Home / Royal Mail / Why the Royal Mail share price is cheap at current levels

Why the Royal Mail share price is cheap at current levels

A Royal Mail GLS delivery man

Key points

  • With lower P/E ratios than two major competitors, the share price may be cheap

  • Between the 2017 and 2021 calendar years, operating profit grew from £219m to £611m

  • Revenue for the final quarter of the 2021 calendar year fell 2.4%, year on year

A major courier and parcel delivery service provider, Royal Mail Group (LSE:RMG) owns a number of instantly recognisable brands, like Parcelforce Worldwide. A consistently profitable business, it’s a company I’ve had my eye on for some time. Furthermore, my analysis suggests the current Royal Mail share price could be cheap. I want to know if I should add this firm to my long-term portfolio right now, or if I should wait. Let’s take a closer look.
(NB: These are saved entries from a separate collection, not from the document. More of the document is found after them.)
(* For every positive integer $n$, $N'(n,1,n-1)=n$.
   Context: $\mathbb{Z}_4$ is the ring of integers modulo $4$; a $\mathbb{Z}_4$-code of length $n$ is a $\mathbb{Z}_4$-submodule of $\mathbb{Z}_4^n$. Two codes are equivalent if one is obtained from the other by permuting coordinates and changing the signs of some coordinates. Every $\mathbb{Z}_4$-code is permutation-equivalent to one with generator matrix $\begin{pmatrix} I_{k_1} & A & B \\ O & 2I_{k_2} & 2D\end{pmatrix}$ with $A,D$ $(0,1)$-matrices and $B$ a $\mathbb{Z}_4$-matrix; the code then has type $4^{k_1}2^{k_2}$. The trivial extension of a code $C$ of length $n-1$ is $\{(c,0)\mid c\in C\}$ (the only code of length $0$ is the zero code). $N'(n,k_1,k_2)$ denotes the number of equivalence classes of $\mathbb{Z}_4$-codes of length $n$ and type $4^{k_1}2^{k_2}$ that are not equivalent to the trivial extension of any $\mathbb{Z}_4$-code of length $n-1$. *)

theory Defs
  imports Main "HOL-Library.Numeral_Type" "HOL-Combinatorics.Permutations"
begin

text \<open>Z4 is the type 4 from Numeral_Type (integers mod 4, a commutative ring).
  Vectors of length n are lists of length n over Z4, coordinates 0..n-1.\<close>

type_synonym z4vec = "4 list"

definition z4_vecs :: "nat \<Rightarrow> z4vec set" where
  "z4_vecs n = {v. length v = n}"

definition vadd :: "z4vec \<Rightarrow> z4vec \<Rightarrow> z4vec" where
  "vadd u v = map2 (+) u v"

definition vscale :: "4 \<Rightarrow> z4vec \<Rightarrow> z4vec" where
  "vscale a v = map (\<lambda>x. a * x) v"

definition is_z4_code :: "nat \<Rightarrow> z4vec set \<Rightarrow> bool" where
  "is_z4_code n C \<longleftrightarrow> C \<subseteq> z4_vecs n \<and> replicate n 0 \<in> C \<and>
     (\<forall>u\<in>C. \<forall>v\<in>C. vadd u v \<in> C) \<and> (\<forall>a. \<forall>v\<in>C. vscale a v \<in> C)"

definition lin_comb :: "nat \<Rightarrow> z4vec list \<Rightarrow> (nat \<Rightarrow> 4) \<Rightarrow> z4vec" where
  "lin_comb n rows cs = map (\<lambda>j. \<Sum>i<length rows. cs i * (rows ! i ! j)) [0..<n]"

definition row_span :: "nat \<Rightarrow> z4vec list \<Rightarrow> z4vec set" where
  "row_span n rows = range (lin_comb n rows)"

text \<open>G (k1+k2 rows, n columns) has the standard form
  [[I_k1, A, B], [O, 2 I_k2, 2 D]] with A, D (0,1)-matrices and B arbitrary.\<close>
definition std_gen_matrix :: "nat \<Rightarrow> nat \<Rightarrow> nat \<Rightarrow> z4vec list \<Rightarrow> bool" where
  "std_gen_matrix n k1 k2 G \<longleftrightarrow>
     k1 + k2 \<le> n \<and> length G = k1 + k2 \<and> (\<forall>r\<in>set G. length r = n) \<and>
     (\<forall>i<k1. \<forall>j<k1. G ! i ! j = (if i = j then 1 else 0)) \<and>
     (\<forall>i<k1. \<forall>j. k1 \<le> j \<and> j < k1 + k2 \<longrightarrow> G ! i ! j \<in> {0, 1}) \<and>
     (\<forall>i. k1 \<le> i \<and> i < k1 + k2 \<longrightarrow>
        (\<forall>j<k1. G ! i ! j = 0) \<and>
        (\<forall>j. k1 \<le> j \<and> j < k1 + k2 \<longrightarrow> G ! i ! j = (if i = j then 2 else 0)) \<and>
        (\<forall>j. k1 + k2 \<le> j \<and> j < n \<longrightarrow> G ! i ! j \<in> {0, 2}))"

definition perm_coords :: "nat \<Rightarrow> (nat \<Rightarrow> nat) \<Rightarrow> z4vec \<Rightarrow> z4vec" where
  "perm_coords n \<sigma> v = map (\<lambda>j. v ! \<sigma> j) [0..<n]"

definition has_type :: "nat \<Rightarrow> z4vec set \<Rightarrow> nat \<Rightarrow> nat \<Rightarrow> bool" where
  "has_type n C k1 k2 \<longleftrightarrow>
     (\<exists>\<sigma> G. \<sigma> permutes {..<n} \<and> std_gen_matrix n k1 k2 G \<and>
        C = perm_coords n \<sigma> ` row_span n G)"

definition z4_equiv :: "nat \<Rightarrow> z4vec set \<Rightarrow> z4vec set \<Rightarrow> bool" where
  "z4_equiv n C D \<longleftrightarrow>
     (\<exists>\<sigma> s. \<sigma> permutes {..<n} \<and> (\<forall>j. s j \<in> {1, -1 :: 4}) \<and>
        D = (\<lambda>v. map (\<lambda>j. s j * v ! \<sigma> j) [0..<n]) ` C)"

definition trivial_ext :: "z4vec set \<Rightarrow> z4vec set" where
  "trivial_ext C = (\<lambda>c. c @ [0]) ` C"

definition nontriv_codes :: "nat \<Rightarrow> nat \<Rightarrow> nat \<Rightarrow> z4vec set set" where
  "nontriv_codes n k1 k2 = {C. is_z4_code n C \<and> has_type n C k1 k2 \<and>
     \<not> (\<exists>D. is_z4_code (n - 1) D \<and> z4_equiv n C (trivial_ext D))}"

definition N' :: "nat \<Rightarrow> nat \<Rightarrow> nat \<Rightarrow> nat" where
  "N' n k1 k2 = card (nontriv_codes n k1 k2 // {(C, D). z4_equiv n C D})"

end

theory Submission
  imports Defs
begin

text \<open>
  Reducing the generator matrix modulo 2 shows that a code of type \<open>4\<^sup>1 2\<^sup>n\<^sup>-\<^sup>1\<close> is
  determined by the support \<open>T \<noteq> {}\<close> of its first row mod 2: since the rows \<open>2 e\<^sub>j\<close>
  contribute every even word, the code consists of the words that are even outside \<open>T\<close>
  and of constant parity on \<open>T\<close>. Permuting coordinates and changing signs just moves
  \<open>T\<close>, so the equivalence classes are indexed by \<open>|T| \<in> {1..n}\<close>. None of them is a
  trivial extension, because the all-2 word lies in every such code.
\<close>

lemma z4_cases: "(x::4) = 0 \<or> x = 1 \<or> x = 2 \<or> x = 3"
proof (induct x)
  case (of_int z)
  then have "z = 0 \<or> z = 1 \<or> z = 2 \<or> z = 3" by auto
  then show ?case by auto
qed

definition z4_even :: "4 \<Rightarrow> bool" where
  "z4_even x \<longleftrightarrow> x = 0 \<or> x = 2"

lemma z4_even_simps [simp]: "z4_even 0" "z4_even 2" "\<not> z4_even 1"
  by (auto simp: z4_even_def)

lemma z4_even_add: "z4_even (x + y) \<longleftrightarrow> (z4_even x \<longleftrightarrow> z4_even y)"
  and z4_even_diff: "z4_even (x - y) \<longleftrightarrow> (z4_even x \<longleftrightarrow> z4_even y)"
  and z4_even_mult: "z4_even (x * y) \<longleftrightarrow> z4_even x \<or> z4_even y"
  using z4_cases[of x] z4_cases[of y] by (auto simp: z4_even_def)

lemma z4_even_sign_mult: "s \<in> {1, -1} \<Longrightarrow> z4_even (s * x) \<longleftrightarrow> z4_even x"
  using z4_cases[of x] by (auto simp: z4_even_def)

lemma z4_even_eq_double: "z4_even x \<Longrightarrow> 2 * (if x = 2 then 1 else 0) = x"
  by (auto simp: z4_even_def)

definition parity_code :: "nat \<Rightarrow> nat set \<Rightarrow> z4vec set" where
  "parity_code n T = {u. length u = n \<and> (\<forall>j<n. j \<notin> T \<longrightarrow> z4_even (u!j)) \<and>
     (\<forall>j\<in>T. \<forall>k\<in>T. z4_even (u!j) = z4_even (u!k))}"

lemma parity_codeI:
  assumes "length u = n" "\<And>j. j < n \<Longrightarrow> j \<notin> T \<Longrightarrow> z4_even (u!j)"
    "\<And>j k. j \<in> T \<Longrightarrow> k \<in> T \<Longrightarrow> z4_even (u!j) = z4_even (u!k)"
  shows "u \<in> parity_code n T"
  using assms unfolding parity_code_def by blast

lemma parity_codeD:
  assumes "u \<in> parity_code n T"
  shows parity_code_length: "length u = n"
    and parity_code_even: "j < n \<Longrightarrow> j \<notin> T \<Longrightarrow> z4_even (u!j)"
    and parity_code_same_parity: "j \<in> T \<Longrightarrow> k \<in> T \<Longrightarrow> z4_even (u!j) = z4_even (u!k)"
  using assms unfolding parity_code_def by blast+

lemma parity_code_is_z4_code:
  assumes T: "T \<subseteq> {..<n}"
  shows "is_z4_code n (parity_code n T)"
  unfolding is_z4_code_def
proof (intro conjI ballI allI)
  show "parity_code n T \<subseteq> z4_vecs n"
    by (auto simp: parity_code_def z4_vecs_def)
  show "replicate n 0 \<in> parity_code n T"
    using T by (intro parity_codeI) auto
  fix u v assume u: "u \<in> parity_code n T" and v: "v \<in> parity_code n T"
  have nth: "vadd u v ! j = u!j + v!j" if "j < n" for j
    using that u v by (simp add: vadd_def parity_code_length)
  show "vadd u v \<in> parity_code n T"
  proof (rule parity_codeI)
    show "length (vadd u v) = n"
      using u v by (simp add: vadd_def parity_code_length)
  next
    fix j assume "j < n" "j \<notin> T"
    then show "z4_even (vadd u v ! j)"
      using parity_code_even[OF u] parity_code_even[OF v] nth by (simp add: z4_even_add)
  next
    fix j k assume jk: "j \<in> T" "k \<in> T"
    then have "j < n" "k < n" using T by auto
    then show "z4_even (vadd u v ! j) = z4_even (vadd u v ! k)"
      using parity_code_same_parity[OF u jk] parity_code_same_parity[OF v jk] nth
      by (simp add: z4_even_add)
  qed
next
  fix a v assume v: "v \<in> parity_code n T"
  have nth: "vscale a v ! j = a * v!j" if "j < n" for j
    using that v by (simp add: vscale_def parity_code_length)
  show "vscale a v \<in> parity_code n T"
  proof (rule parity_codeI)
    show "length (vscale a v) = n"
      using v by (simp add: vscale_def parity_code_length)
  next
    fix j assume "j < n" "j \<notin> T"
    then show "z4_even (vscale a v ! j)"
      using parity_code_even[OF v] nth by (simp add: z4_even_mult)
  next
    fix j k assume jk: "j \<in> T" "k \<in> T"
    then have "j < n" "k < n" using T by auto
    then show "z4_even (vscale a v ! j) = z4_even (vscale a v ! k)"
      using parity_code_same_parity[OF v jk] nth by (simp add: z4_even_mult)
  qed
qed

lemma odd_coords_parity_code:
  assumes T: "T \<subseteq> {..<n}"
  shows "{j. j < n \<and> (\<exists>u\<in>parity_code n T. \<not> z4_even (u!j))} = T"
proof
  show "T \<subseteq> {j. j < n \<and> (\<exists>u\<in>parity_code n T. \<not> z4_even (u!j))}"
  proof
    fix j assume j: "j \<in> T"
    let ?u = "map (\<lambda>i. if i \<in> T then 1 else 0) [0..<n] :: z4vec"
    have "?u \<in> parity_code n T"
      using T by (intro parity_codeI) auto
    moreover have "\<not> z4_even (?u ! j)"
      using j T by auto
    ultimately show "j \<in> {j. j < n \<and> (\<exists>u\<in>parity_code n T. \<not> z4_even (u!j))}"
      using j T by blast
  qed
qed (use parity_code_even in blast)

lemma parity_code_inj:
  assumes "T \<subseteq> {..<n}" "T' \<subseteq> {..<n}" "parity_code n T = parity_code n T'"
  shows "T = T'"
proof -
  have "T = {j. j < n \<and> (\<exists>u\<in>parity_code n T. \<not> z4_even (u!j))}"
    using odd_coords_parity_code[OF assms(1)] by simp
  also have "\<dots> = T'"
    unfolding assms(3) by (rule odd_coords_parity_code[OF assms(2)])
  finally show ?thesis .
qed

lemma replicate_2_in_parity_code:
  assumes "T \<subseteq> {..<n}"
  shows "replicate n 2 \<in> parity_code n T"
  using assms by (intro parity_codeI) auto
Is the Royal Mail share price actually cheap?

By referring to price-to-earnings (P/E) ratios, we may better understand if a company is over- or undervalued. The business has a trailing P/E ratio of 4.44 and a forward P/E ratio, based on forecast earnings, of 7.61.
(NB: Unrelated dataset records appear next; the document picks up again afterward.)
(* Let $X,Y$ be finite abelian groups, let $Q\in M_{X\times Y}(\mathbb T)$ be generic, and put $$\theta_{ic}^{ke}=\frac{Q_{i,e-c}Q_{i-k,e}}{Q_{ie}Q_{i-k,e-c}}\qquad(i,k\in X,\ c,e\in Y).$$ For every $k\in X$ there is a group representation $\pi^k:\Gamma_{X,Y}\to U_{|Y|}$ on $\mathbb C^Y$ (standard basis $(\epsilon_e)_{e\in Y}$) given by $\pi^k(c^{(i)})\epsilon_e=\theta_{ic}^{ke}\epsilon_{e-c}$. Moreover the family $(\pi^k)_{k\in X}$ is projectively faithful: if $t\in\Gamma_{X,Y}$ is such that $\pi^k(t)$ is a scalar matrix for every $k\in X$, then $t=1$.
   Context: Finite abelian groups are written additively. $\Gamma_{X,Y}$ is the quotient of the free product $Y^{*X}$ of $|X|$ copies of $Y$ (the copy of $c\in Y$ in the $i$-th factor is $c^{(i)}$) by the relations $[c_1^{(i_1)}\cdots c_s^{(i_s)},d_1^{(j_1)}\cdots d_s^{(j_s)}]=1$ whenever $\sum_rc_r=\sum_rd_r=0$. Elements $p_1,\dots,p_m\in\mathbb T$ are root independent if $p_1^{r_1}\cdots p_m^{r_m}=1$ with $r_i\in\mathbb Z$ implies $r_1=\dots=r_m=0$. $Q$ is generic if it is dephased ($Q_{0c}=Q_{i0}=1$ for all $i\in X,c\in Y$) and the elements $Q_{ic}$ with $i\neq0,c\neq0$ are root independent. *)

theory Defs
  imports "HOL-Analysis.Analysis"
begin

text \<open>Words in the generators c^(i) of the free product of |X| copies of Y:
  the pair (i,c) stands for c^(i).  Gamma_{X,Y} is the monoid of such words modulo
  the congruence gamma_eq below (it is a group, since (-c)^(i) inverts c^(i)).\<close>

inductive gamma_eq :: "('x::{finite,ab_group_add} \<times> 'y::{finite,ab_group_add}) list
    \<Rightarrow> ('x \<times> 'y) list \<Rightarrow> bool" where
  refl: "gamma_eq a a"
| sym: "gamma_eq a b \<Longrightarrow> gamma_eq b a"
| trans: "gamma_eq a b \<Longrightarrow> gamma_eq b c \<Longrightarrow> gamma_eq a c"
| app: "gamma_eq a b \<Longrightarrow> gamma_eq c d \<Longrightarrow> gamma_eq (a @ c) (b @ d)"
| unit: "gamma_eq [(i, 0)] []"
| mult: "gamma_eq [(i, c), (i, d)] [(i, c + d)]"
| comm: "length a = length b \<Longrightarrow> sum_list (map snd a) = 0 \<Longrightarrow> sum_list (map snd b) = 0
         \<Longrightarrow> gamma_eq (a @ b) (b @ a)"

definition on_circle :: "complex \<Rightarrow> bool" where
  "on_circle z \<longleftrightarrow> cmod z = 1"

definition root_independent_on :: "('a \<Rightarrow> complex) \<Rightarrow> 'a set \<Rightarrow> bool" where
  "root_independent_on p S \<longleftrightarrow>
     (\<forall>r :: 'a \<Rightarrow> int. (\<Prod>s\<in>S. p s powi r s) = 1 \<longrightarrow> (\<forall>s\<in>S. r s = 0))"

definition dephased :: "('x::ab_group_add \<Rightarrow> 'y::ab_group_add \<Rightarrow> complex) \<Rightarrow> bool" where
  "dephased Q \<longleftrightarrow> (\<forall>c. Q 0 c = 1) \<and> (\<forall>i. Q i 0 = 1)"

definition generic :: "('x::ab_group_add \<Rightarrow> 'y::ab_group_add \<Rightarrow> complex) \<Rightarrow> bool" where
  "generic Q \<longleftrightarrow> dephased Q \<and>
     root_independent_on (\<lambda>(i, c). Q i c) {(i, c). i \<noteq> 0 \<and> c \<noteq> 0}"

definition theta :: "('x::ab_group_add \<Rightarrow> 'y::ab_group_add \<Rightarrow> complex)
    \<Rightarrow> 'x \<Rightarrow> 'y \<Rightarrow> 'x \<Rightarrow> 'y \<Rightarrow> complex" where
  "theta Q i c k e = (Q i (e - c) * Q (i - k) e) / (Q i e * Q (i - k) (e - c))"

text \<open>pi^k(c^(i)) eps_e = theta eps_{e-c}: column e has the entry at row e - c.\<close>
definition gen_mat :: "('x::ab_group_add \<Rightarrow> 'y::{finite,ab_group_add} \<Rightarrow> complex)
    \<Rightarrow> 'x \<Rightarrow> 'x \<Rightarrow> 'y \<Rightarrow> complex ^('y::{finite,ab_group_add}) ^('y::{finite,ab_group_add})" where
  "gen_mat Q k i c = (\<chi> r e. if r = e - c then theta Q i c k e else 0)"

definition word_mat :: "('x::ab_group_add \<Rightarrow> 'y::{finite,ab_group_add} \<Rightarrow> complex)
    \<Rightarrow> 'x \<Rightarrow> ('x \<times> 'y) list \<Rightarrow> complex ^('y::{finite,ab_group_add}) ^('y::{finite,ab_group_add})" where
  "word_mat Q k w = foldr (\<lambda>(i, c) M. gen_mat Q k i c ** M) w (mat 1)"

definition unitary_mat :: "complex ^'n ^'n \<Rightarrow> bool" where
  "unitary_mat A \<longleftrightarrow> A ** (\<chi> i j. cnj (A $ j $ i)) = mat 1"

end

theory Submission
  imports Defs
begin

text \<open>Each \<open>\<pi>\<^sup>k(w)\<close> is a monomial matrix: it shifts the standard basis by the total degree of
  \<open>w\<close> (the sum of its letters), with coefficients that are products of \<open>\<theta>\<close>'s, and the defining
  relations of \<open>\<Gamma>\<close> preserve both the shift and the coefficients.
  For faithfulness, every word equals in \<open>\<Gamma>\<close> a product of the elements \<open>u(i,c) = c^(i) (-c)^(0)\<close>
  and their inverses, followed by \<open>s^(0)\<close> with \<open>s\<close> the degree; the \<open>u\<close>'s have degree 0 and
  therefore commute. If all \<open>\<pi>\<^sup>k(w)\<close> are scalar, then \<open>s = 0\<close> and the diagonal entries of
  \<open>\<pi>\<^sup>k(\<Prod>\<^sub>p u(p)^n(p))\<close> are Laurent monomials in the \<open>Q i c\<close>; by genericity, constancy of the
  diagonal becomes a linear system for the exponents \<open>n\<close>. Taking \<open>k = -j\<close> and reading off the
  exponent of \<open>Q j g\<close>, this system forces \<open>n(j,c) = 0\<close> for \<open>j, c \<noteq> 0\<close>, and the remaining
  \<open>u(p)\<close> are trivial.\<close>

definition shift_mat :: "('n::{finite,ab_group_add} \<Rightarrow> 'a::comm_semiring_1) \<Rightarrow> 'n
    \<Rightarrow> 'a ^('n::{finite,ab_group_add}) ^('n::{finite,ab_group_add})" where
  "shift_mat f s = (\<chi> r e. if r = e - s then f e else 0)"

lemma shift_mat_mult:
  "shift_mat f s ** shift_mat g t = shift_mat (\<lambda>e. f (e - t) * g e) (s + t)"
proof -
  have "(\<Sum>m\<in>UNIV. (if r = m - s then f m else 0) * (if m = e - t then g e else 0))
      = (if r = e - (s + t) then f (e - t) * g e else 0)" for r e
  proof -
    have "(\<Sum>m\<in>UNIV. (if r = m - s then f m else 0) * (if m = e - t then g e else 0))
        = (\<Sum>m\<in>UNIV. if m = e - t then (if r = m - s then f m else 0) * g e else 0)"
      by (rule sum.cong) auto
    then show ?thesis
      by (simp add: diff_diff_eq add.commute)
  qed
  then show ?thesis
    by (simp add: shift_mat_def matrix_matrix_mult_def vec_eq_iff)
qed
When compared to major competitors in the sector, I think the current Royal Mail share price is undervalued. Deutsche Post, a similar firm operating in Germany, has trailing and forward P/E ratios of 11.82 and 11.51. Furthermore, US company FedEx has ratios of 12.15 and 9.6.
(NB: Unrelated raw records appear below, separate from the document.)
(* Let $(\Omega,\mathcal{F},\mathbb{P})$ be a complete probability space, $t_0<T$, $x_0$ a random variable and $a$ a stochastic process on $[t_0,T]$, and let $x(t,\omega)=x_0(\omega)\mathrm{e}^{\int_{t_0}^t a(s,\omega)\mathrm{d} s}$. Assume: (H1) $a\in \mathrm{L}^2([t_0,T]\times\Omega)$; (H2) for every $N\ge2$, $x_0$, $\xi_1$ and $(\xi_2,\ldots,\xi_N)$ are absolutely continuous and independent; (H3) the density $f_{\xi_1}$ of $\xi_1$ is continuous and bounded on $\mathbb{R}$; (H4) $\int_{t_0}^t\phi_1(s)\,\mathrm{d} s\ne0$ for all $t\in(t_0,T]$; (H5) either $x_0>0$ a.s. or $x_0<0$ a.s. Then for each fixed $t\in(t_0,T]$ and $x\ne0$, the sequence \[ f_1^N(x,t)=\int_{\mathbb{R}^N} f_0\big(x\,\mathrm{e}^{-K_a(t,\pmb{\xi}_N)}\big)f_{\pmb{\xi}_N}(\pmb{\xi}_N)\,\mathrm{e}^{-K_a(t,\pmb{\xi}_N)}\,\mathrm{d}\pmb{\xi}_N \] (where $f_0$ is the density of $x_0$) converges to $f_1(x,t)$, where $f_1(\cdot,t)$ is a probability density of $x(t,\cdot)$.
   Context: Karhunen–Loève expansion: for $a\in \mathrm{L}^2([t_0,T]\times\Omega)$ write $a(t,\omega)=\mu_a(t)+\sum_{j=1}^\infty\sqrt{\nu_j}\,\phi_j(t)\xi_j(\omega)$ (convergence in $\mathrm{L}^2([t_0,T]\times\Omega)$), where $\mu_a(t)=\mathbb{E}[a(t)]$, $\{(\nu_j,\phi_j)\}$ are the (nonnegative) eigenvalue/eigenfunction pairs of the covariance operator $\mathcal{C}f(t)=\int_{t_0}^T\mathrm{Cov}[a(t),a(s)]f(s)\,\mathrm{d} s$ on $\mathrm{L}^2([t_0,T])$ with $\{\phi_j\}$ an orthonormal basis, and $\xi_j$ are zero-mean, unit-variance, pairwise uncorrelated random variables; pairs may be enumerated in any order (here $\nu_1>0$). $\pmb{\xi}_N=(\xi_1,\ldots,\xi_N)$, $f_{\pmb{\xi}_N}$ its density, $K_a(t,\pmb{\xi}_N)=\int_{t_0}^t\big(\mu_a(s)+\sum_{j=1}^N\sqrt{\nu_j}\phi_j(s)\xi_j\big)\mathrm{d} s$. *)

theory Defs
  imports "HOL-Probability.Probability"
begin

definition mean_proc :: "'a measure \<Rightarrow> (real \<Rightarrow> 'a \<Rightarrow> real) \<Rightarrow> real \<Rightarrow> real" where
  "mean_proc M a t = integral\<^sup>L M (a t)"

definition cov_proc :: "'a measure \<Rightarrow> (real \<Rightarrow> 'a \<Rightarrow> real) \<Rightarrow> real \<Rightarrow> real \<Rightarrow> real" where
  "cov_proc M a t s =
     integral\<^sup>L M (\<lambda>\<omega>. (a t \<omega> - mean_proc M a t) * (a s \<omega> - mean_proc M a s))"

definition L2_process :: "'a measure \<Rightarrow> real \<Rightarrow> real \<Rightarrow> (real \<Rightarrow> 'a \<Rightarrow> real) \<Rightarrow> bool" where
  "L2_process M t0 T a \<longleftrightarrow>
     (\<lambda>(t,\<omega>). a t \<omega>) \<in> borel_measurable (restrict_space lborel {t0..T} \<Otimes>\<^sub>M M) \<and>
     integrable (restrict_space lborel {t0..T} \<Otimes>\<^sub>M M) (\<lambda>(t,\<omega>). (a t \<omega>)\<^sup>2)"

definition KL_expansion ::
  "'a measure \<Rightarrow> real \<Rightarrow> real \<Rightarrow> (real \<Rightarrow> 'a \<Rightarrow> real) \<Rightarrow> (nat \<Rightarrow> real)
    \<Rightarrow> (nat \<Rightarrow> real \<Rightarrow> real) \<Rightarrow> (nat \<Rightarrow> 'a \<Rightarrow> real) \<Rightarrow> bool" where
  "KL_expansion M t0 T a \<nu> \<phi> \<xi> \<longleftrightarrow>
     \<comment> \<open>eigenpairs with nonnegative eigenvalues\<close>
     (\<forall>j\<ge>1. 0 \<le> \<nu> j \<and>
        (AE t in lborel. t \<in> {t0..T} \<longrightarrow>
           (LINT s:{t0..T}|lborel. cov_proc M a t s * \<phi> j s) = \<nu> j * \<phi> j t)) \<and>
     \<comment> \<open>orthonormal\<close>
     (\<forall>j\<ge>1. \<phi> j \<in> borel_measurable lborel \<and> set_integrable lborel {t0..T} (\<lambda>s. (\<phi> j s)\<^sup>2)) \<and>
     (\<forall>i\<ge>1. \<forall>j\<ge>1. (LINT s:{t0..T}|lborel. \<phi> i s * \<phi> j s) = (if i = j then 1 else 0)) \<and>
     \<comment> \<open>complete (basis of L^2([t0,T]))\<close>
     (\<forall>f. f \<in> borel_measurable lborel \<and> set_integrable lborel {t0..T} (\<lambda>s. (f s)\<^sup>2) \<and>
          (\<forall>j\<ge>1. (LINT s:{t0..T}|lborel. f s * \<phi> j s) = 0)
          \<longrightarrow> (AE s in lborel. s \<in> {t0..T} \<longrightarrow> f s = 0)) \<and>
     \<comment> \<open>the random coefficients\<close>
     (\<forall>j\<ge>1. \<xi> j \<in> borel_measurable M \<and> integrable M (\<lambda>\<omega>. (\<xi> j \<omega>)\<^sup>2) \<and>
        integral\<^sup>L M (\<xi> j) = 0 \<and> integral\<^sup>L M (\<lambda>\<omega>. (\<xi> j \<omega>)\<^sup>2) = 1) \<and>
     (\<forall>i\<ge>1. \<forall>j\<ge>1. i \<noteq> j \<longrightarrow> integral\<^sup>L M (\<lambda>\<omega>. \<xi> i \<omega> * \<xi> j \<omega>) = 0) \<and>
     \<comment> \<open>convergence in L^2([t0,T] x Omega)\<close>
     ((\<lambda>N. integral\<^sup>L (restrict_space lborel {t0..T} \<Otimes>\<^sub>M M)
          (\<lambda>(t,\<omega>). (a t \<omega> - mean_proc M a t
                      - (\<Sum>j\<in>{1..N}. sqrt (\<nu> j) * \<phi> j t * \<xi> j \<omega>))\<^sup>2)) \<longlonglongrightarrow> 0)"

definition xi_vec :: "(nat \<Rightarrow> 'a \<Rightarrow> real) \<Rightarrow> nat \<Rightarrow> 'a \<Rightarrow> nat \<Rightarrow> real" where
  "xi_vec \<xi> N \<omega> = restrict (\<lambda>j. \<xi> j \<omega>) {1..N}"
Given that Royal Mail’s ratios are lower than these two rivals, I think this could be a clue that these shares are currently cheap.

Strong historical results

Between the 2017 and 2021 fiscal years, group revenue increased from £9.7bn to £12.6bn. In addition, operating profit grew from £219m to £611m. Given this long-term profitability, it’s easy to see why the diluted earnings-per-share (EPS) have risen from 27.3p to 61.8p. This is a compound annual EPS growth rate of 17.7%. This is both strong and consistent. It should be noted, however, that past performance isn’t necessarily indicative of future performance.

On the flip side, the dividend per share has declined from 23p to 10p, although retained earnings have been steady. Furthermore, Royal Mail’s cash balance has grown over the period from £299m to £1.5bn, while its current debt pile stands at £2.19bn.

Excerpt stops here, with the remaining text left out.